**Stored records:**
»»
lemma switching_mat_cell_sum:
  assumes "i < t" "y < n"
  shows "(\<Sum>a\<in>C i. switching_mat $$ (a,y)) = of_bool (y \<in> C i)"
proof -
  have "(\<Sum>a\<in>C i. switching_mat $$ (a,y)) = (\<Sum>a\<in>C i. switching_mat $$ (y,a))"
    using assms cell_subset[OF assms(1)]
    by (intro sum.cong refl) (metis atLeastLessThan_iff subsetD switching_mat_symmetric)
  also have "\<dots> = of_bool (y \<in> C i)"
  proof (cases "y \<in> D")
    case True
    then show ?thesis using assms cell_subset[OF assms(1)] cells_disjoint_D
      by (auto simp: switching_mat_index subset_eq intro!: sum.neutral)
  next
    case False
    note y = cell_of_vertex[OF assms(2) False]
    show ?thesis
    proof (cases "cell y = i")
      case True
      then show ?thesis using assms y cell_subset[of i] card_cell_pos[of i] finite_cell[of i] False
        by (auto simp: switching_mat_index sum_subtractf subset_eq)
    next
      case other: False
      then have "C (cell y) \<inter> C i = {}" using cells_disjoint assms y by blast
      then show ?thesis using assms y cell_subset[of i] other cell_eqI[of i y] False
        by (auto simp: switching_mat_index subset_eq intro!: sum.neutral)
    qed
  qed
  finally show ?thesis .
qed

lemma switching_mat_involution: "switching_mat * switching_mat = 1\<^sub>m n"
proof (rule eq_matI)
  fix x y assume "x < dim_row (1\<^sub>m n :: rat mat)" "y < dim_col (1\<^sub>m n :: rat mat)"
  then have xy: "x < n" "y < n" by auto
  show "(switching_mat * switching_mat) $$ (x,y) = 1\<^sub>m n $$ (x,y)"
  proof (cases "x \<in> D")
    case False
    note x = cell_of_vertex[OF xy(1) False]
    have "card (C (cell x)) > 0" using card_cell_pos x by blast
    then show ?thesis
      using xy x False switching_mat_cell_sum[of "cell x" y]
      by (auto simp: switching_mat_mult_index[OF switching_mat_carrier xy] switching_mat_index)
  qed (use xy in \<open>simp add: switching_mat_mult_index[OF switching_mat_carrier xy] switching_mat_index\<close>)
qed (auto simp: switching_mat_def)

end

lemma char_poly_eq_if_similar_over_rat:
  assumes "A \<in> carrier_mat n n" "B \<in> carrier_mat n n"
    and "similar_mat (map_mat rat_of_int A) (map_mat rat_of_int B)"
  shows "char_poly A = char_poly B"
proof -
  have "char_poly (map_mat rat_of_int A) = char_poly (map_mat rat_of_int B)"
    using assms(3) by (rule char_poly_similar)
  then show ?thesis
    by (simp add: of_int_hom.char_poly_hom[OF assms(1)] of_int_hom.char_poly_hom[OF assms(2)])
qed

locale switching_data = vertex_partition +
  fixes A :: "int mat"
  assumes signed: "signed_adj n A"
    and equal_net_degrees: "\<forall>i<t. \<forall>j<t. \<forall>u\<in>C i. \<forall>w\<in>C i. dnet A (C j) u = dnet A (C j) w"
    and unique_case: "\<forall>i<t. \<forall>v\<in>D. length (filter id [caseA A (C i) v, caseB A (C i) v,
            caseC A (C i) v, caseD A (C i) v, caseE A (C i) v]) = 1"
begin

lemma A_carrier: "A \<in> carrier_mat n n"
  using signed unfolding signed_adj_def by blast

lemma A_symmetric: "u < n \<Longrightarrow> v < n \<Longrightarrow> A $$ (u,v) = A $$ (v,u)"
  using signed unfolding signed_adj_def by blast

lemma A_entries: "u < n \<Longrightarrow> v < n \<Longrightarrow> A $$ (u,v) \<in> {-1,0,1}"
  using signed unfolding signed_adj_def by blast

lemma row_sum_cell: "i < t \<Longrightarrow> v < n \<Longrightarrow> (\<Sum>u\<in>C i. A $$ (v,u)) = dnet A (C i) v"
  using A_entries cell_subset finite_cell by (intro sum_row_eq_dnet) (auto simp: subset_eq)
theorem theorem3p1:
  fixes f :: "nat \<Rightarrow> 'a::{real_vector, topological_space} \<Rightarrow> real"
    and \<Omega> :: "'a set" and xhat :: 'a and m :: nat
  assumes tvs_add: "continuous_on UNIV (\<lambda>p::'a \<times> 'a. fst p + snd p)"
    and tvs_scale: "continuous_on UNIV (\<lambda>p::real \<times> 'a. fst p *\<^sub>R snd p)"
    and open_\<Omega>: "open \<Omega>" and ne_\<Omega>: "\<Omega> \<noteq> {}"
    and feas: "xhat \<in> \<Omega>" "\<forall>i\<in>{1..m}. f i xhat \<le> 0"
    and opt: "\<forall>x\<in>\<Omega>. (\<forall>i\<in>{1..m}. f i x \<le> 0) \<longrightarrow> f 0 xhat \<le> f 0 x"
    and a: "\<forall>j\<in>{1..m}. f j xhat < 0 \<longrightarrow> usc_at_within (f j) xhat \<Omega>"
    and b: "\<forall>i\<le>m. dini_M_differentiable (f i) xhat"
  shows "(\<exists>lam :: nat \<Rightarrow> real.
            (\<forall>i\<le>m. lam i \<ge> 0) \<and> (\<exists>i\<le>m. lam i \<noteq> 0) \<and>
            (\<forall>i\<in>{1..m}. lam i * f i xhat = 0) \<and>
            (\<forall>u. (\<Sum>i\<le>m. ereal (lam i) * dini_upper_M (f i) xhat u) \<ge> 0))
       \<and> ((\<exists>w. \<forall>i\<in>{1..m}. f i xhat = 0 \<longrightarrow> dini_upper_M (f i) xhat w < 0) \<longrightarrow>
          (\<exists>lam :: nat \<Rightarrow> real. lam 0 = 1 \<and>
            (\<forall>i\<le>m. lam i \<ge> 0) \<and> (\<exists>i\<le>m. lam i \<noteq> 0) \<and>
            (\<forall>i\<in>{1..m}. lam i * f i xhat = 0) \<and>
            (\<forall>u. (\<Sum>i\<le>m. ereal (lam i) * dini_upper_M (f i) xhat u) \<ge> 0)))"
proof -
  define P where "P i u = real_of_ereal (dini_upper_M (f i) xhat u)" for i u
  define K where "K = insert 0 {i\<in>{1..m}. f i xhat = 0}"
  have K: "K \<subseteq> {..m}" "0 \<in> K" by (auto simp: K_def)
  have DM: "dini_upper_M (f i) xhat u = ereal (P i u)" if "i \<le> m" for i u
    using b that unfolding dini_M_differentiable_def P_def by (metis ereal_real')
  have sub: "\<forall>k\<in>K. sublinear (P k)"
    using K(1) b unfolding P_def by (blast intro: dini_M_differentiable_sublinear)
  have nonneg: "\<forall>u. \<exists>k\<in>K. P k u \<ge> 0"
  proof
    fix u
    obtain k where k: "k \<in> K" "dini_upper (f k) xhat u \<ge> 0"
      using no_common_descent_direction[OF tvs_add tvs_scale open_\<Omega> feas opt a] unfolding K_def by blast
    moreover have "k \<le> m" using k(1) K(1) by auto
    ultimately have "ereal (P k u) \<ge> 0"
      using DM dini_upper_le_dini_upper_M[of "f k" xhat u] by (metis order_trans)
    then show "\<exists>k\<in>K. P k u \<ge> 0" using k(1) by auto
  qed
  obtain lam where lam: "\<forall>i\<in>{..m}. lam i \<ge> 0" "\<exists>i\<in>{..m}. lam i \<noteq> 0" "\<forall>i\<in>{..m} - K. lam i = 0"
    "\<forall>u. (\<Sum>i\<le>m. lam i * P i u) \<ge> 0" "(\<exists>w. \<forall>k\<in>K - {0}. P k w < 0) \<longrightarrow> lam 0 = 1"
    using sublinear_multipliers[OF finite_atMost K sub nonneg] by blast
  have "(\<Sum>i\<le>m. ereal (lam i) * dini_upper_M (f i) xhat u) = ereal (\<Sum>i\<le>m. lam i * P i u)" for u
    by (simp add: DM)
  moreover have "\<forall>i\<in>{1..m}. lam i * f i xhat = 0" using lam(3) by (auto simp: K_def)
  moreover have "(\<exists>w. \<forall>i\<in>{1..m}. f i xhat = 0 \<longrightarrow> dini_upper_M (f i) xhat w < 0) \<longrightarrow> lam 0 = 1"
  proof
    assume "\<exists>w. \<forall>i\<in>{1..m}. f i xhat = 0 \<longrightarrow> dini_upper_M (f i) xhat w < 0"
    then obtain w where "\<forall>i\<in>{1..m}. f i xhat = 0 \<longrightarrow> dini_upper_M (f i) xhat w < 0" by blast
    then have "\<forall>k\<in>K - {0}. P k w < 0" using DM by (auto simp: K_def)
    then show "lam 0 = 1" using lam(5) by blast
  qed
  ultimately show ?thesis using lam(1,2,4) by (intro conjI impI exI[of _ lam]) auto
qed
lemma augmenting_state_extend:
  assumes G: "graph VS E" and bip: "\<And>a b. {a, b} \<in> E \<Longrightarrow> a \<in> U \<longleftrightarrow> b \<notin> U"
    and state: "augmenting_state VS E U S M xs"
    and uw: "{last xs, w} \<in> E" and walk_w: "walk VS E (xs @ [w])"
    and nb_w: "non_backtracking (xs @ [w])" and "w \<noteq> hd xs" and e: "e \<in> M" "w \<in> e"
  shows "\<exists>M' u'. augmenting_state VS E U S M' (xs @ [w, u'])"
proof -
  define u where "u = last xs"
  have M: "matching E M" and "xs \<noteq> []" and hd_free: "hd xs \<notin> U" "hd xs \<notin> \<Union>M"
    and u: "u \<in> U" "u \<notin> \<Union>M" and covered: "S - {u} \<subseteq> \<Union>M"
    using state walk_nonempty unfolding augmenting_state_def u_def by auto
  have "e \<in> E" using M e unfolding matching_def by blast
  then obtain u' where "u' \<noteq> w" and e_eq: "e = {w, u'}"
    using card_2_other[of e w] G e unfolding graph_def by blast
  have "u' \<in> U" using bip[OF uw] bip \<open>e \<in> E\<close> e_eq u u_def by (metis insert_commute)
  have "u' \<noteq> u" using u e e_eq by blast
  have "u' \<in> VS" using G \<open>e \<in> E\<close> e_eq unfolding graph_def by auto
  define M' where "M' = insert {u, w} (M - {e})"
  have Union_M': "\<Union>M' = {u, w} \<union> (\<Union>M - {w, u'})"
    using matching_Union_remove[OF M e(1)] e_eq unfolding M'_def by auto
  have "{u, w} \<inter> \<Union>(M - {e}) = {}"
    using matching_Union_remove[OF M e(1)] e u by blast
  then have "matching E M'"
    unfolding M'_def u_def by (rule matching_insert[OF matching_subset[OF M Diff_subset] uw])
  moreover have "walk VS E ((xs @ [w]) @ [u'])"
    using walk_appendI[OF walk_w, of "[u']"] \<open>e \<in> E\<close> e_eq \<open>u' \<in> VS\<close> by simp
  moreover have "non_backtracking ((xs @ [w]) @ [u'])"
  proof -
    have "(xs @ [w]) ! (length (xs @ [w]) - 2) = u"
      using \<open>xs \<noteq> []\<close> u_def by (simp add: nth_append last_conv_nth)
    then show ?thesis using nb_w \<open>u' \<noteq> u\<close> non_backtracking_snoc[of "xs @ [w]" u'] by simp
  qed
  moreover have "hd xs \<notin> \<Union>M'"
  proof -
    have "hd xs \<noteq> u" using hd_free(1) u(1) by blast
    then show ?thesis using Union_M' hd_free(2) \<open>w \<noteq> hd xs\<close> by auto
  qed
  moreover have "u' \<notin> \<Union>M'" using Union_M' \<open>u' \<noteq> u\<close> \<open>u' \<noteq> w\<close> by blast
  moreover have "S - {u'} \<subseteq> \<Union>M'" using Union_M' covered by blast
  ultimately have "augmenting_state VS E U S M' (xs @ [w, u'])"
    unfolding augmenting_state_def using hd_free \<open>u' \<in> U\<close> \<open>xs \<noteq> []\<close> by simp
  then show ?thesis by blast
qed

lemma augmenting_state_step:
  assumes G: "graph VS E" and acyclic: "\<nexists>ys. is_cycle VS E ys"
    and bip: "\<And>a b. {a, b} \<in> E \<Longrightarrow> a \<in> U \<longleftrightarrow> b \<notin> U"
    and deg: "\<And>u. u \<in> U \<Longrightarrow> 2 \<le> degree E u"
    and state: "augmenting_state VS E U S M xs"
  shows "(\<exists>M'. matching E M' \<and> hd xs \<notin> \<Union>M' \<and> S \<subseteq> \<Union>M') \<or>
    (\<exists>M' w u'. augmenting_state VS E U S M' (xs @ [w, u']))"
proof -
  have walk: "walk VS E xs" and nb: "non_backtracking xs" and "last xs \<in> U"
    using state unfolding augmenting_state_def by auto
  obtain w where uw: "{last xs, w} \<in> E" and w_back: "w \<noteq> xs ! (length xs - 2)"
    using exists_neighbour_avoiding[OF G deg[OF \<open>last xs \<in> U\<close>]] by blast
  have "w \<in> VS" using G uw unfolding graph_def by auto
  have walk_w: "walk VS E (xs @ [w])" using walk_appendI[OF walk, of "[w]"] uw \<open>w \<in> VS\<close> by simp
  have nb_w: "non_backtracking (xs @ [w])" using nb w_back by (simp add: non_backtracking_snoc)
  have "w \<noteq> hd xs"
    using non_backtracking_walk_distinct[OF G acyclic walk_w nb_w] walk_nonempty[OF walk] by auto
  show ?thesis
  proof (cases "w \<in> \<Union>M")
    case True
    then obtain e where e: "e \<in> M" "w \<in> e" by blast
    show ?thesis
      using augmenting_state_extend[OF G bip state uw walk_w nb_w \<open>w \<noteq> hd xs\<close> e] by blast
  next
    case False
    then have "\<exists>M'. matching E M' \<and> hd xs \<notin> \<Union>M' \<and> S \<subseteq> \<Union>M'"
      by (rule augmenting_state_close[OF state uw \<open>w \<noteq> hd xs\<close>])
    then show ?thesis by blast
  qed
qed
(* Let $d\rho_0$ be a probability measure on $\mathbb{R}$ with compact support, $c_1,\dots,c_k\in\mathbb{R}$, $\tfrac12 f'(x)=\sum_{j=1}^kc_jx^j$, and $d\rho_t=e^{\frac12 f'(x)t}d\rho_0/\int e^{\frac12 f'(x)t}d\rho_0$. Let $n\ge0$ be such that the support of $d\rho_0$ has at least $n+1$ points, let $P_n(x;t)$ be the $n$-th monic orthogonal polynomial of $d\rho_t$, $\|P_n\|$ its norm in $L^2(d\rho_t)$, and $J=J(t)$ the Jacobi matrix of $d\rho_t$. Then \[ \frac{d}{dt}\log\|P_n\|=\tfrac12\sum_{j=1}^kc_j\bigl[(J^j)_{n+1,\,n+1}-(J^j)_{1,1}\bigr]. \]
   Context: The Jacobi matrix $J$ (indices starting at $1$) has entries $J_{jk}=\langle p_{j-1},xp_{k-1}\rangle_{L^2(d\rho_t)}$ where $p_j=P_j/\|P_j\|$ are the orthonormal polynomials; it is tridiagonal with diagonal $b_1,b_2,\dots$ and off-diagonal $a_1,a_2,\dots>0$. *)

theory Defs
  imports "HOL-Probability.Probability" "HOL-Computational_Algebra.Polynomial"
begin

definition msupp :: "real measure \<Rightarrow> real set" where
  "msupp M = {x. \<forall>e>0. emeasure M (ball x e) > 0}"

definition at_least_points :: "nat \<Rightarrow> 'a set \<Rightarrow> bool" where
  "at_least_points m S \<longleftrightarrow> (\<exists>A. A \<subseteq> S \<and> finite A \<and> card A = m)"
lemma renyi_integral_lap_mixture_le:
  assumes \<alpha>: "1 < \<alpha>" and ac: "\<bar>a - c\<bar> \<le> \<Delta>"
    and mgf: "integrable B (\<lambda>b. exp ((\<alpha> - 1) * \<Delta> / b))"
  defines "F \<equiv> \<lambda>x. lap_mixture a x powr \<alpha> * lap_mixture c x powr (1 - \<alpha>)"
  shows "integrable lborel F"
    and "(\<integral>x. F x \<partial>lborel) \<le> (\<alpha> * mgf_inv B ((\<alpha> - 1) * \<Delta>) + (\<alpha> - 1) * mgf_inv B (- \<alpha> * \<Delta>)) / (2 * \<alpha> - 1)"
proof -
  have \<Delta>: "0 \<le> \<Delta>"
    using ac by linarith
  have "(\<integral>\<^sup>+x. F x \<partial>lborel)
      \<le> (\<integral>\<^sup>+x. (\<integral>\<^sup>+b. ennreal (lap_density b (x - a) powr \<alpha> * lap_density b (x - c) powr (1 - \<alpha>)) \<partial>B) \<partial>lborel)"
    unfolding F_def using \<alpha> by (intro nn_integral_mono lap_mixture_powr_le_nn_integral) simp
  also have "\<dots> = (\<integral>\<^sup>+b. (\<integral>\<^sup>+x. ennreal (lap_density b (x - a) powr \<alpha> * lap_density b (x - c) powr (1 - \<alpha>)) \<partial>lborel) \<partial>B)"
    by (rule nn_integral_lborel_B_swap) (unfold lap_density_def, measurable)
  also have "\<dots> = (\<integral>\<^sup>+b. ennreal (lap_renyi_integral \<alpha> b \<bar>a - c\<bar>) \<partial>B)"
    using scale_pos \<alpha> by (intro nn_integral_cong_AE) (auto elim!: eventually_mono simp: nn_integral_lap_density_powr)
  also have "\<dots> \<le> (\<integral>\<^sup>+b. ennreal (lap_renyi_integral \<alpha> b \<Delta>) \<partial>B)"
    using scale_pos \<alpha> ac
    by (intro nn_integral_mono_AE) (auto elim!: eventually_mono intro!: ennreal_leI lap_renyi_integral_mono)
  finally have le: "(\<integral>\<^sup>+x. F x \<partial>lborel) \<le> (\<integral>\<^sup>+b. ennreal (lap_renyi_integral \<alpha> b \<Delta>) \<partial>B)" .
  have J: "integrable B (\<lambda>b. lap_renyi_integral \<alpha> b \<Delta>)" "AE b in B. 0 \<le> lap_renyi_integral \<alpha> b \<Delta>"
    using integrable_lap_renyi_integral[OF \<alpha> \<Delta> mgf] scale_pos \<alpha> \<Delta>
    by (auto elim!: eventually_mono intro: lap_renyi_integral_nonneg)
  have F: "F \<in> borel_measurable lborel" "AE x in lborel. 0 \<le> F x"
    unfolding F_def by simp_all
  show "integrable lborel F"
    by (rule integrable_of_nn_integral_le[OF F J le])
  have "(\<integral>x. F x \<partial>lborel) \<le> (\<integral>b. lap_renyi_integral \<alpha> b \<Delta> \<partial>B)"
    by (rule integral_le_of_nn_integral_le[OF F J le])
  also have "\<dots> = (\<alpha> * mgf_inv B ((\<alpha> - 1) * \<Delta>) + (\<alpha> - 1) * mgf_inv B (- \<alpha> * \<Delta>)) / (2 * \<alpha> - 1)"
    by (rule integral_lap_renyi_integral[OF \<alpha> \<Delta> mgf])
  finally show "(\<integral>x. F x \<partial>lborel) \<le> (\<alpha> * mgf_inv B ((\<alpha> - 1) * \<Delta>) + (\<alpha> - 1) * mgf_inv B (- \<alpha> * \<Delta>)) / (2 * \<alpha> - 1)" .
qed
(* Let $n\ge2$, $r>0$, $\varepsilon_r>0$, $\rho^*>0$, $\omega^*\in\mathbb R$, $k_\rho,k_z,k_\phi>0$. Consider the closed-loop system, for $i=1,\dots,n$, $$\dot\rho_i=\lambda(\rho_i,\sigma(t))\,k_\rho(\rho^*-\rho_i),\qquad \dot\phi_i=\omega^*+k_\phi(\bar\phi_i-\phi_i),\qquad \dot z_i=-k_zz_i,$$ where $\sigma(t)=r/|\sin(\delta_{\min}(t)/2)|$, $\delta_{\min}(t)=\min_k\delta_k(t)$, and $$\lambda(\rho,\sigma)=\begin{cases}0 & \rho<\sigma+2r,\\ 1 & \rho>\sigma+2r+\varepsilon_r,\\ (\rho-\sigma-2r)/\varepsilon_r & \text{otherwise.}\end{cases}$$ Assume $\delta_k(t_0)>0$ for all $k$. Then: (1) if $\rho_i(t_0)>\frac{r}{|\sin(\pi/n)|}+2r$ for all $i$ and $|\rho_i(t_0)-\rho_j(t_0)|\ge2r$ for all $i\neq j$, then $D_{ij}(t)>2r$ for all $i\ne j$ and all $t\ge t_0$ (no collisions); (2) for every initial condition, $\phi_i-\bar\phi_i\to0$, $\dot\phi_i\to\omega^*$ and $z_i\to0$ exponentially for all $i$; moreover, if in addition $\rho^*>\frac{r}{|\sin(\pi/n)|}+2r$ and $\rho_i(t_0)>\frac{r}{|\sin(\pi/n)|}+2r$ and $|\rho_i(t_0)-\rho_j(t_0)|\ge 2r$ for all $j\ne i$, then $\rho_i\to\rho^*$ exponentially.
   Context: Robots have cylindrical coordinates $(\rho_i,\phi_i,z_i)$ (radius, phase, height) relative to a target frame, with dynamics after feedback transformation $\dot\rho_i,\dot\phi_i,\dot z_i$ equal to free inputs. Phases are real-valued (not reduced modulo $2\pi$), robots indexed counterclockwise at $t_0$. Phase averages: $\bar\phi_1=\frac{\phi_2+\phi_n-2\pi}{2}$, $\bar\phi_i=\frac{\phi_{i+1}+\phi_{i-1}}{2}$ for $2\le i\le n-1$, $\bar\phi_n=\frac{\phi_1+2\pi+\phi_{n-1}}{2}$. Consecutive phase differences: $\delta_1=\phi_1-\phi_n+2\pi$, $\delta_k=\phi_k-\phi_{k-1}$ for $2\le k\le n$. Distance $D_{ij}=\sqrt{\rho_i^2+\rho_j^2-2\rho_i\rho_j\cos(\phi_j-\phi_i)+(z_j-z_i)^2}$; a collision means $D_{ij}\le 2r$, with $r$ the safety radius. *)

theory Defs
  imports Complex_Main
begin

text \<open>Robots are indexed by 1..n. Trajectories are functions nat => real => real.\<close>

definition phibar :: "nat \<Rightarrow> (nat \<Rightarrow> real \<Rightarrow> real) \<Rightarrow> nat \<Rightarrow> real \<Rightarrow> real" where
  "phibar n phi i t =
     (if i = 1 then (phi 2 t + phi n t - 2*pi) / 2
      else if i = n then (phi 1 t + 2*pi + phi (n-1) t) / 2
      else (phi (i+1) t + phi (i-1) t) / 2)"

definition delta :: "nat \<Rightarrow> (nat \<Rightarrow> real \<Rightarrow> real) \<Rightarrow> nat \<Rightarrow> real \<Rightarrow> real" where
  "delta n phi k t = (if k = 1 then phi 1 t - phi n t + 2*pi else phi k t - phi (k-1) t)"

definition delta_min :: "nat \<Rightarrow> (nat \<Rightarrow> real \<Rightarrow> real) \<Rightarrow> real \<Rightarrow> real" where
  "delta_min n phi t = Min ((\<lambda>k. delta n phi k t) ` {1..n})"

definition sigma :: "real \<Rightarrow> nat \<Rightarrow> (nat \<Rightarrow> real \<Rightarrow> real) \<Rightarrow> real \<Rightarrow> real" where
  "sigma r n phi t = r / \<bar>sin (delta_min n phi t / 2)\<bar>"

definition lam :: "real \<Rightarrow> real \<Rightarrow> real \<Rightarrow> real \<Rightarrow> real" where
  "lam r eps rho s =
     (if rho < s + 2*r then 0
      else if rho > s + 2*r + eps then 1
      else (rho - s - 2*r) / eps)"

definition dist_ij :: "(nat \<Rightarrow> real \<Rightarrow> real) \<Rightarrow> (nat \<Rightarrow> real \<Rightarrow> real) \<Rightarrow> (nat \<Rightarrow> real \<Rightarrow> real)
    \<Rightarrow> nat \<Rightarrow> nat \<Rightarrow> real \<Rightarrow> real" where
  "dist_ij rho phi z i j t =
     sqrt ((rho i t)\<^sup>2 + (rho j t)\<^sup>2 - 2 * rho i t * rho j t * cos (phi j t - phi i t)
           + (z j t - z i t)\<^sup>2)"

definition exp_conv :: "real \<Rightarrow> (real \<Rightarrow> real) \<Rightarrow> real \<Rightarrow> bool" where
  "exp_conv t0 f L \<longleftrightarrow>
     (\<exists>C \<alpha>. \<alpha> > 0 \<and> (\<forall>t\<ge>t0. \<bar>f t - L\<bar> \<le> C * exp (- \<alpha> * (t - t0))))"

end

theory Submission
  imports Defs "HOL-Analysis.Elementary_Metric_Spaces" "HOL-Analysis.Convex" "HOL-Real_Asymp.Real_Asymp"
begin

text \<open>The gaps \<open>\<delta>\<^sub>k\<close> between consecutive phases always sum to \<open>2\<pi>\<close> and obey the discrete heat
  equation \<open>\<delta>\<^sub>k' = k\<^sub>\<phi>/2 (\<delta>\<^sub>k\<^sub>+\<^sub>1 - 2\<delta>\<^sub>k + \<delta>\<^sub>k\<^sub>-\<^sub>1)\<close> on the cycle. Summation by parts and
  a discrete Poincar\'e inequality make the energy \<open>\<Sum>(\<delta>\<^sub>k - 2\<pi>/n)\<^sup>2\<close> decay exponentially, which
  gives the phase statements; each \<open>z\<^sub>i\<close> solves a linear decay equation.
  A minimising gap has nonnegative discrete Laplacian, so \<open>\<delta>\<^sub>m\<^sub>i\<^sub>n\<close> never decreases and \<open>\<sigma>\<close>
  never increases. Hence a radius below \<open>\<sigma> + 2r\<close> is frozen (\<open>\<lambda> = 0\<close>), and one that reaches
  \<open>\<sigma> + 2r\<close> stays above it: two robots either both lie beyond \<open>\<sigma> = r / sin(\<delta>\<^sub>m\<^sub>i\<^sub>n/2)\<close>, where
  their angular separation alone keeps them more than \<open>2r\<close> apart, or keep their initial radii,
  at least \<open>2r\<close> apart. Finally \<open>\<delta>\<^sub>m\<^sub>i\<^sub>n \<rightarrow> 2\<pi>/n\<close>, so \<open>\<sigma> \<rightarrow> r / sin(\<pi>/n)\<close>; above that
  threshold \<open>\<lambda>\<close> is eventually bounded below and \<open>\<rho>\<^sub>i \<rightarrow> \<rho>\<^sup>*\<close> exponentially.\<close>

section \<open>Derivative bounds on half-lines\<close>

lemma has_real_derivative_at_if_within_Ici:
  fixes f :: "real \<Rightarrow> real"
  assumes "(f has_real_derivative D) (at x within {a..})" "a < x"
  shows "(f has_real_derivative D) (at x)"
  using assms at_within_interior[of x "{a..}"] interior_Ici[of "a - 1" a] by auto

lemma continuous_on_Ici_if_DERIV:
  fixes f :: "real \<Rightarrow> real"
  assumes "\<And>t. t \<ge> a \<Longrightarrow> (f has_real_derivative f' t) (at t within {a..})"
  shows "continuous_on {a..} f"
  using assms by (metis DERIV_continuous atLeast_iff continuous_on_eq_continuous_within)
««
**ACTIVITY:** Out of the data above, give again only the lines starting at the one holding "A $$ (u,v) \<in>" and ending at the one holding "xhat u = ereal", unchanged.

**TASK OUTPUT:**
lemma A_entries: "u < n \<Longrightarrow> v < n \<Longrightarrow> A $$ (u,v) \<in> {-1,0,1}"
  using signed unfolding signed_adj_def by blast

lemma row_sum_cell: "i < t \<Longrightarrow> v < n \<Longrightarrow> (\<Sum>u\<in>C i. A $$ (v,u)) = dnet A (C i) v"
  using A_entries cell_subset finite_cell by (intro sum_row_eq_dnet) (auto simp: subset_eq)
theorem theorem3p1:
  fixes f :: "nat \<Rightarrow> 'a::{real_vector, topological_space} \<Rightarrow> real"
    and \<Omega> :: "'a set" and xhat :: 'a and m :: nat
  assumes tvs_add: "continuous_on UNIV (\<lambda>p::'a \<times> 'a. fst p + snd p)"
    and tvs_scale: "continuous_on UNIV (\<lambda>p::real \<times> 'a. fst p *\<^sub>R snd p)"
    and open_\<Omega>: "open \<Omega>" and ne_\<Omega>: "\<Omega> \<noteq> {}"
    and feas: "xhat \<in> \<Omega>" "\<forall>i\<in>{1..m}. f i xhat \<le> 0"
    and opt: "\<forall>x\<in>\<Omega>. (\<forall>i\<in>{1..m}. f i x \<le> 0) \<longrightarrow> f 0 xhat \<le> f 0 x"
    and a: "\<forall>j\<in>{1..m}. f j xhat < 0 \<longrightarrow> usc_at_within (f j) xhat \<Omega>"
    and b: "\<forall>i\<le>m. dini_M_differentiable (f i) xhat"
  shows "(\<exists>lam :: nat \<Rightarrow> real.
            (\<forall>i\<le>m. lam i \<ge> 0) \<and> (\<exists>i\<le>m. lam i \<noteq> 0) \<and>
            (\<forall>i\<in>{1..m}. lam i * f i xhat = 0) \<and>
            (\<forall>u. (\<Sum>i\<le>m. ereal (lam i) * dini_upper_M (f i) xhat u) \<ge> 0))
       \<and> ((\<exists>w. \<forall>i\<in>{1..m}. f i xhat = 0 \<longrightarrow> dini_upper_M (f i) xhat w < 0) \<longrightarrow>
          (\<exists>lam :: nat \<Rightarrow> real. lam 0 = 1 \<and>
            (\<forall>i\<le>m. lam i \<ge> 0) \<and> (\<exists>i\<le>m. lam i \<noteq> 0) \<and>
            (\<forall>i\<in>{1..m}. lam i * f i xhat = 0) \<and>
            (\<forall>u. (\<Sum>i\<le>m. ereal (lam i) * dini_upper_M (f i) xhat u) \<ge> 0)))"
proof -
  define P where "P i u = real_of_ereal (dini_upper_M (f i) xhat u)" for i u
  define K where "K = insert 0 {i\<in>{1..m}. f i xhat = 0}"
  have K: "K \<subseteq> {..m}" "0 \<in> K" by (auto simp: K_def)
  have DM: "dini_upper_M (f i) xhat u = ereal (P i u)" if "i \<le> m" for i u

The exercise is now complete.